Highbury Garden Design
Tucked away within the Canonbury Conservation Area, sits this small, compact London garden. The existing garden was dominated by large shrubs, and a 1.2m high retaining wall that fragmented the garden space, and overpowered the kitchen view. Our primary objective in designing the garden was to open up the space, and create a seamless flow out from the house.
Photos by Emma Voit
As you step out, we have created a new sawn oak deck that is flush with the kitchen floor and now extends back 3.5 m, allowing ample room to fit a table. A built in oak floating timber bench hugs the boundary wall and to link the garden together and make it fun, we have created a board walk that starts at the bench, and takes you all the way through to the rear, acting as a secondary path through the planting and lawn. Oak and corten are the unifying features in this garden. A focal corten panel draws your eye as you look out, but also hides bike storage and a door onto the road. Two ornamental Pyrus 'Chanticleer' are planted in front of this panel, breaking up the lawn area and providing some height to help screen the neighbours overlooking windows. The corten details are again picked up in the panel behind the timber bench, and in the low retaining walls, with sawn oak sleeper treads.

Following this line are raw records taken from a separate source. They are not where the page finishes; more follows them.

lemma abs_diff_less_of_nat_floor_div_eq:
  fixes d z w p :: real
  assumes "0 < d" "p \<le> z" "p \<le> w" "nat \<lfloor>(z - p) / d\<rfloor> = nat \<lfloor>(w - p) / d\<rfloor>"
  shows "\<bar>z - w\<bar> < d"
proof -
  have "\<lfloor>(z - p) / d\<rfloor> = \<lfloor>(w - p) / d\<rfloor>"
    using assms by (simp add: eq_nat_nat_iff)
  then have "\<bar>(z - p) / d - (w - p) / d\<bar> < 1"
    using of_int_floor_le[of "(z - p) / d"] of_int_floor_le[of "(w - p) / d"]
      real_of_int_floor_add_one_gt[of "(z - p) / d"] real_of_int_floor_add_one_gt[of "(w - p) / d"]
    by (simp add: abs_less_iff) linarith
  also have "(z - p) / d - (w - p) / d = (z - w) / d"
    by (simp add: diff_divide_distrib)
  finally show ?thesis
    using assms(1) by (simp add: abs_divide)
qed

lemma mult_less_of_le_div_pred:
  fixes n r s :: nat
  assumes "0 < n" "r \<le> (n - 1) div s"
  shows "s * r < n"
proof -
  have "s * r \<le> s * ((n - 1) div s)"
    using assms(2) by simp
  also have "\<dots> \<le> n - 1"
    by (rule times_div_less_eq_dividend)
  finally show ?thesis
    using assms(1) by linarith
qed

lemma le_mult_Suc_div_pred:
  fixes n s :: nat
  assumes "0 < s" "0 < n"
  shows "n \<le> s * ((n - 1) div s + 1)"
proof -
  have "(n - 1) div s * s + (n - 1) mod s = n - 1"
    by (rule div_mult_mod_eq)
  moreover have "(n - 1) mod s < s"
    using assms(1) by simp
  moreover have "s * ((n - 1) div s + 1) = (n - 1) div s * s + s"
    by (simp add: algebra_simps)
  ultimately show ?thesis
    using assms(2) by linarith
qed

locale upward_map =
  fixes a b :: real and f :: "real \<Rightarrow> real"
  assumes a_less_b: "a < b" and maps_into: "f ` {a..b} \<subseteq> {a..b}"
    and continuous: "continuous_on {a..b} f" and fix_a: "f a = a" and fix_b: "f b = b"
    and above_diagonal: "\<And>x. x \<in> {a<..<b} \<Longrightarrow> x < f x"
begin

lemma funpow_in_interval: "x \<in> {a..b} \<Longrightarrow> (f ^^ k) x \<in> {a..b}"
  using funpow_in[OF maps_into] .

lemma self_le_image: "x \<in> {a..b} \<Longrightarrow> x \<le> f x"
  using above_diagonal[of x] fix_a fix_b by (cases "x = a \<or> x = b") auto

We have created a planting bed on the lower patio, to bring some greenery closer to the house, and have designed a simple but contemporary horizontal slatted cedar fence that unifies the boundary and hides the neighbour's extension. The top few rows have wider gaps above the existing fence line, to create privacy, but still allow light to filter through. The planting is simple to keep the upkeep down, but enough to balance the more architectural features. The clients were committed to embracing a more contemporary style of garden within a traditional Highbury house and are delighted with the results.